───── DATA PROVIDED

(* Let $R$ be a ring with unity and involution $*$, and let $a,b,c\in R$. The following conditions are equivalent. (1) $a$ is left dual $(b,c)$-core invertible. (2) There exists some $x\in Rc$ such that $bxab=b$, $(xab)^*=xab$ and $xabx=x$. (3) There exists some $x\in R$ such that $bxab=b$, $xR=b^*R$ and $Rx\subseteq Rc$. (4) There exists some $x\in R$ such that $bxab=b$, $l(x)=l(b^* )$ and $Rx\subseteq Rc$. (5) There exists some $x\in R$ such that $bxab=b$, $Rx\subseteq Rc$ and $xR\subseteq b^*R$. (6) There exists some $x\in R$ such that $bxab=b$, $Rx\subseteq Rc$ and $l(b^* )\subseteq l(x)$. (7) There exist a projection $q\in R$ and an idempotent $p\in R$ such that $Rb\subseteq Rq\subseteq Rab$, $Rp\subseteq Rc$ and $abR\subseteq pR$. In this case (with $q,p$ as in (7)), for any inner inverse $(ab)^-$ of $ab$, the element $q(ab)^-p$ is a left dual $(b,c)$-core inverse of $a$.
   Context: An element $a\in R$ is called left dual $(b,c)$-core invertible if there exists $x\in Rc$ such that $bxab=b$ and $(xab)^*=xab$; such an $x$ is called a left dual $(b,c)$-core inverse of $a$ (it need not be unique). For $x\in R$, $l(x)=\{r\in R: rx=0\}$ is the left annihilator of $x$. A projection is an element $q$ with $q^2=q=q^*$. An inner inverse of $y$ is any $z$ with $yzy=y$. *)

theory Defs
  imports Main
begin

class ring_involution = ring_1 +
  fixes star :: "'a \<Rightarrow> 'a"
  assumes star_add: "star (x + y) = star x + star y"
      and star_mult: "star (x * y) = star y * star x"
      and star_star: "star (star x) = x"

definition left_ideal :: "'a::ring_1 \<Rightarrow> 'a set" where
  "left_ideal x = {r * x | r. True}"

definition right_ideal :: "'a::ring_1 \<Rightarrow> 'a set" where
  "right_ideal x = {x * r | r. True}"

definition lann :: "'a::ring_1 \<Rightarrow> 'a set" where
  "lann x = {r. r * x = 0}"

definition projection :: "'a::ring_involution \<Rightarrow> bool" where
  "projection q \<longleftrightarrow> q * q = q \<and> star q = q"

definition idempotent :: "'a::ring_1 \<Rightarrow> bool" where
  "idempotent p \<longleftrightarrow> p * p = p"

definition inner_inverse :: "'a::ring_1 \<Rightarrow> 'a \<Rightarrow> bool" where
  "inner_inverse z y \<longleftrightarrow> y * z * y = y"

definition left_dual_core_inverse :: "'a::ring_involution \<Rightarrow> 'a \<Rightarrow> 'a \<Rightarrow> 'a \<Rightarrow> bool" where
  "left_dual_core_inverse a b c x \<longleftrightarrow>
     x \<in> left_ideal c \<and> b * x * a * b = b \<and> star (x * a * b) = x * a * b"

definition left_dual_core_invertible :: "'a::ring_involution \<Rightarrow> 'a \<Rightarrow> 'a \<Rightarrow> bool" where
  "left_dual_core_invertible a b c \<longleftrightarrow> (\<exists>x. left_dual_core_inverse a b c x)"

end

theory Submission
  imports Defs
begin

text \<open>For any \<open>x\<close> with \<open>bxab = b\<close> the element \<open>xab\<close> is an idempotent fixing \<open>b\<close> from
  the right, and \<open>(xab)* b* = b*\<close>. So \<open>1 - (xab)*\<close> lies in \<open>l(b*)\<close>; once \<open>l(b*) \<subseteq> l(x)\<close> this
  gives \<open>x = (xab)* x\<close>, hence \<open>xab = (xab)* xab\<close> is self-adjoint. Conditions (2)--(6) are
  successively weaker ways of securing that annihilator inclusion, with (2) obtained from (1)
  by passing to \<open>xabx\<close>. For (7) take \<open>q = xab\<close>, \<open>p = abx\<close>; conversely \<open>b = bq\<close> with
  \<open>q \<in> R ab\<close> makes \<open>ab\<close> regular, and \<open>q (ab)\<^sup>- p\<close> satisfies \<open>(q (ab)\<^sup>- p) ab = q\<close>.\<close>

lemma in_left_ideal_iff: "x \<in> left_ideal y \<longleftrightarrow> (\<exists>r. x = r * y)"
  unfolding left_ideal_def by blast

lemma in_right_ideal_iff: "x \<in> right_ideal y \<longleftrightarrow> (\<exists>r. x = y * r)"
  unfolding right_ideal_def by blast

lemma left_ideal_subset_iff: "left_ideal x \<subseteq> left_ideal y \<longleftrightarrow> x \<in> left_ideal y"
proof
  assume "left_ideal x \<subseteq> left_ideal y"
  moreover have "x \<in> left_ideal x"
    unfolding in_left_ideal_iff by (metis mult_1)
  ultimately show "x \<in> left_ideal y" by blast
next
  assume "x \<in> left_ideal y"
  then show "left_ideal x \<subseteq> left_ideal y"
    unfolding left_ideal_def by (auto simp: mult.assoc[symmetric])
qed

lemma right_ideal_subset_iff: "right_ideal x \<subseteq> right_ideal y \<longleftrightarrow> x \<in> right_ideal y"
proof
  assume "right_ideal x \<subseteq> right_ideal y"
  moreover have "x \<in> right_ideal x"
    unfolding in_right_ideal_iff by (metis mult_1_right)
  ultimately show "x \<in> right_ideal y" by blast
next
  assume "x \<in> right_ideal y"
  then show "right_ideal x \<subseteq> right_ideal y"
    unfolding right_ideal_def by (auto simp: mult.assoc)
qed

lemma lann_antimono:
  assumes "right_ideal x \<subseteq> right_ideal y"
  shows "lann y \<subseteq> lann x"
proof -
  obtain r where "x = y * r"
    using assms unfolding right_ideal_subset_iff in_right_ideal_iff by blast
  then show ?thesis
    unfolding lann_def by (auto simp: mult.assoc[symmetric])
qed

lemma star_fixed_if_lann_star_subset:
  fixes a b x :: "'a::ring_involution"
  assumes inner: "b * x * a * b = b" and lann: "lann (star b) \<subseteq> lann x"
  shows "star (x * a * b) = x * a * b"
proof -
  have "star (x * a * b) * star b = star b"
    by (metis inner star_mult mult.assoc)
  then have "1 - star (x * a * b) \<in> lann (star b)"
    unfolding lann_def by (simp add: left_diff_distrib)
  with lann have "(1 - star (x * a * b)) * x = 0"
    unfolding lann_def by blast
  then have "x = star (x * a * b) * x"
    by (simp add: left_diff_distrib)
  then have "x * a * b = star (x * a * b) * (x * a * b)"
    by (metis mult.assoc)
  then show ?thesis
    by (metis star_mult star_star)
qed

lemma left_dual_core_inverse_reflexive:
  fixes a b c x :: "'a::ring_involution"
  assumes "left_dual_core_inverse a b c x"
  defines "y \<equiv> x * a * b * x"
  shows "left_dual_core_inverse a b c y" and "y * a * b * y = y"
proof -
  obtain r where x: "x = r * c" "b * x * a * b = b" "star (x * a * b) = x * a * b"
    using assms unfolding left_dual_core_inverse_def in_left_ideal_iff by blast
  have yab: "y * a * b = x * a * b"
    using x(2) unfolding y_def by (metis mult.assoc)
  have "y = (x * a * b * r) * c"
    using x(1) unfolding y_def by (simp add: mult.assoc)
  moreover have "b * y * a * b = b"
    using x(2) unfolding y_def by (metis mult.assoc)
  ultimately show "left_dual_core_inverse a b c y"
    unfolding left_dual_core_inverse_def in_left_ideal_iff using x(3) yab by metis
  show "y * a * b * y = y"
    using x(2) unfolding y_def yab by (metis mult.assoc)
qed

lemma right_ideal_eq_star_if_reflexive:
  fixes a b x :: "'a::ring_involution"
  assumes inner: "b * x * a * b = b" and sa: "star (x * a * b) = x * a * b"
    and reflexive: "x * a * b * x = x"
  shows "right_ideal x = right_ideal (star b)"
proof -
  have "x = star (x * a * b) * x"
    using sa reflexive by simp
  then have "x = star b * (star a * star x * x)"
    by (simp add: star_mult mult.assoc)
  moreover have "star b = x * (a * b * star b)"
    by (metis inner sa star_mult mult.assoc)
  ultimately show ?thesis
    unfolding set_eq_subset right_ideal_subset_iff in_right_ideal_iff by blast
qed

lemma left_dual_core_inverse_projection_idempotent:
  fixes a b c x :: "'a::ring_involution"
  assumes "left_dual_core_inverse a b c x"
  shows "projection (x * a * b)" and "idempotent (a * b * x)"
    and "left_ideal b \<subseteq> left_ideal (x * a * b)"
    and "left_ideal (x * a * b) \<subseteq> left_ideal (a * b)"
    and "left_ideal (a * b * x) \<subseteq> left_ideal c"
    and "right_ideal (a * b) \<subseteq> right_ideal (a * b * x)"
proof -
  obtain r where x: "x = r * c" "b * x * a * b = b" "star (x * a * b) = x * a * b"
    using assms unfolding left_dual_core_inverse_def in_left_ideal_iff by blast
  show "projection (x * a * b)"
    unfolding projection_def using x(2,3) by (metis mult.assoc)
  show "idempotent (a * b * x)"
    unfolding idempotent_def using x(2) by (metis mult.assoc)
  show "left_ideal b \<subseteq> left_ideal (x * a * b)"
    unfolding left_ideal_subset_iff in_left_ideal_iff using x(2) by (metis mult.assoc)
  show "left_ideal (x * a * b) \<subseteq> left_ideal (a * b)"
    unfolding left_ideal_subset_iff in_left_ideal_iff by (metis mult.assoc)
  show "left_ideal (a * b * x) \<subseteq> left_ideal c"
    unfolding left_ideal_subset_iff in_left_ideal_iff x(1) by (metis mult.assoc)
  show "right_ideal (a * b) \<subseteq> right_ideal (a * b * x)"
    unfolding right_ideal_subset_iff in_right_ideal_iff using x(2) by (metis mult.assoc)
qed

lemma inner_inverse_exists_if_left_ideal_between:
  fixes a b q :: "'a::ring_1"
  assumes "idempotent q" and "left_ideal b \<subseteq> left_ideal q" and "left_ideal q \<subseteq> left_ideal (a * b)"
  shows "\<exists>z. inner_inverse z (a * b)"
proof -
  obtain r s where "b = r * q" "q = s * (a * b)"
    using assms(2,3) unfolding left_ideal_subset_iff in_left_ideal_iff by blast
  then have "a * b * s * (a * b) = a * b"
    using assms(1) unfolding idempotent_def by (metis mult.assoc)
  then show ?thesis
    unfolding inner_inverse_def by blast
qed

lemma left_dual_core_inverse_of_projection_idempotent:
  fixes a b c p q z :: "'a::ring_involution"
  assumes q: "projection q" and p: "idempotent p"
    and "left_ideal b \<subseteq> left_ideal q" and "left_ideal q \<subseteq> left_ideal (a * b)"
    and "left_ideal p \<subseteq> left_ideal c" and "right_ideal (a * b) \<subseteq> right_ideal p"
    and z: "inner_inverse z (a * b)"
  shows "left_dual_core_inverse a b c (q * z * p)"
proof -
  obtain r1 r2 r3 s where h: "b = r1 * q" "q = r2 * (a * b)" "p = r3 * c" "a * b = p * s"
    using assms(3-6) unfolding left_ideal_subset_iff right_ideal_subset_iff
      in_left_ideal_iff in_right_ideal_iff by blast
  have "p * (a * b) = a * b"
    using p h(4) unfolding idempotent_def by (metis mult.assoc)
  moreover have "q * z * (a * b) = q"
    using z h(2) unfolding inner_inverse_def by (metis mult.assoc)
  ultimately have xab: "q * z * p * a * b = q"
    by (metis mult.assoc)
  have "b * q = b"
    using q h(1) unfolding projection_def by (metis mult.assoc)
  then show ?thesis
    unfolding left_dual_core_inverse_def in_left_ideal_iff
    using xab q h(3) unfolding projection_def by (metis mult.assoc)
qed

theorem theorem2p2:
  fixes a b c :: "'a::ring_involution"
  defines "C1 \<equiv> left_dual_core_invertible a b c"
      and "C2 \<equiv> (\<exists>x. x \<in> left_ideal c \<and> b * x * a * b = b \<and> star (x * a * b) = x * a * b
                       \<and> x * a * b * x = x)"
      and "C3 \<equiv> (\<exists>x. b * x * a * b = b \<and> right_ideal x = right_ideal (star b)
                       \<and> left_ideal x \<subseteq> left_ideal c)"
      and "C4 \<equiv> (\<exists>x. b * x * a * b = b \<and> lann x = lann (star b)
                       \<and> left_ideal x \<subseteq> left_ideal c)"
      and "C5 \<equiv> (\<exists>x. b * x * a * b = b \<and> left_ideal x \<subseteq> left_ideal c
                       \<and> right_ideal x \<subseteq> right_ideal (star b))"
      and "C6 \<equiv> (\<exists>x. b * x * a * b = b \<and> left_ideal x \<subseteq> left_ideal c
                       \<and> lann (star b) \<subseteq> lann x)"
      and "C7 \<equiv> (\<lambda>q p. projection q \<and> idempotent p
                       \<and> left_ideal b \<subseteq> left_ideal q \<and> left_ideal q \<subseteq> left_ideal (a * b)
                       \<and> left_ideal p \<subseteq> left_ideal c \<and> right_ideal (a * b) \<subseteq> right_ideal p)"
  shows "(C1 \<longleftrightarrow> C2) \<and> (C1 \<longleftrightarrow> C3) \<and> (C1 \<longleftrightarrow> C4) \<and> (C1 \<longleftrightarrow> C5) \<and> (C1 \<longleftrightarrow> C6)
         \<and> (C1 \<longleftrightarrow> (\<exists>q p. C7 q p))
         \<and> (\<forall>q p z. C7 q p \<and> inner_inverse z (a * b) \<longrightarrow> left_dual_core_inverse a b c (q * z * p))"
proof -
  have 12: "C1 \<Longrightarrow> C2"
    unfolding C1_def C2_def left_dual_core_invertible_def
    using left_dual_core_inverse_reflexive unfolding left_dual_core_inverse_def by blast
  have 21: "C2 \<Longrightarrow> C1"
    unfolding C1_def C2_def left_dual_core_invertible_def left_dual_core_inverse_def by blast
  have 23: "C2 \<Longrightarrow> C3"
    unfolding C2_def C3_def using right_ideal_eq_star_if_reflexive left_ideal_subset_iff by blast
  have 34: "C3 \<Longrightarrow> C4"
    unfolding C3_def C4_def using lann_antimono by (metis subset_antisym order_refl)
  have 35: "C3 \<Longrightarrow> C5" and 46: "C4 \<Longrightarrow> C6"
    unfolding C3_def C4_def C5_def C6_def by auto
  have 56: "C5 \<Longrightarrow> C6"
    unfolding C5_def C6_def using lann_antimono by blast
  have 61: "C6 \<Longrightarrow> C1"
    unfolding C6_def C1_def left_dual_core_invertible_def left_dual_core_inverse_def
    using star_fixed_if_lann_star_subset left_ideal_subset_iff by blast
  have 17: "C1 \<Longrightarrow> \<exists>q p. C7 q p"
    unfolding C1_def C7_def left_dual_core_invertible_def
    by (metis left_dual_core_inverse_projection_idempotent)
  have formula: "C7 q p \<Longrightarrow> inner_inverse z (a * b) \<Longrightarrow> left_dual_core_inverse a b c (q * z * p)"
    for q p z
    unfolding C7_def using left_dual_core_inverse_of_projection_idempotent by blast
  have 71: "C1" if C7: "C7 q p" for q p
  proof -
    have "idempotent q"
      using C7 unfolding C7_def projection_def idempotent_def by blast
    then obtain z where "inner_inverse z (a * b)"
      using C7 inner_inverse_exists_if_left_ideal_between unfolding C7_def by blast
    then show ?thesis
      unfolding C1_def left_dual_core_invertible_def using formula C7 by blast
  qed
  show ?thesis
    using 12 21 23 34 35 46 56 61 17 71 formula by blast
qed

end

──────────

Within the material above, report how many lines carry the word "ultimately", and nothing else.

* **EXPECTED ANSWER**
5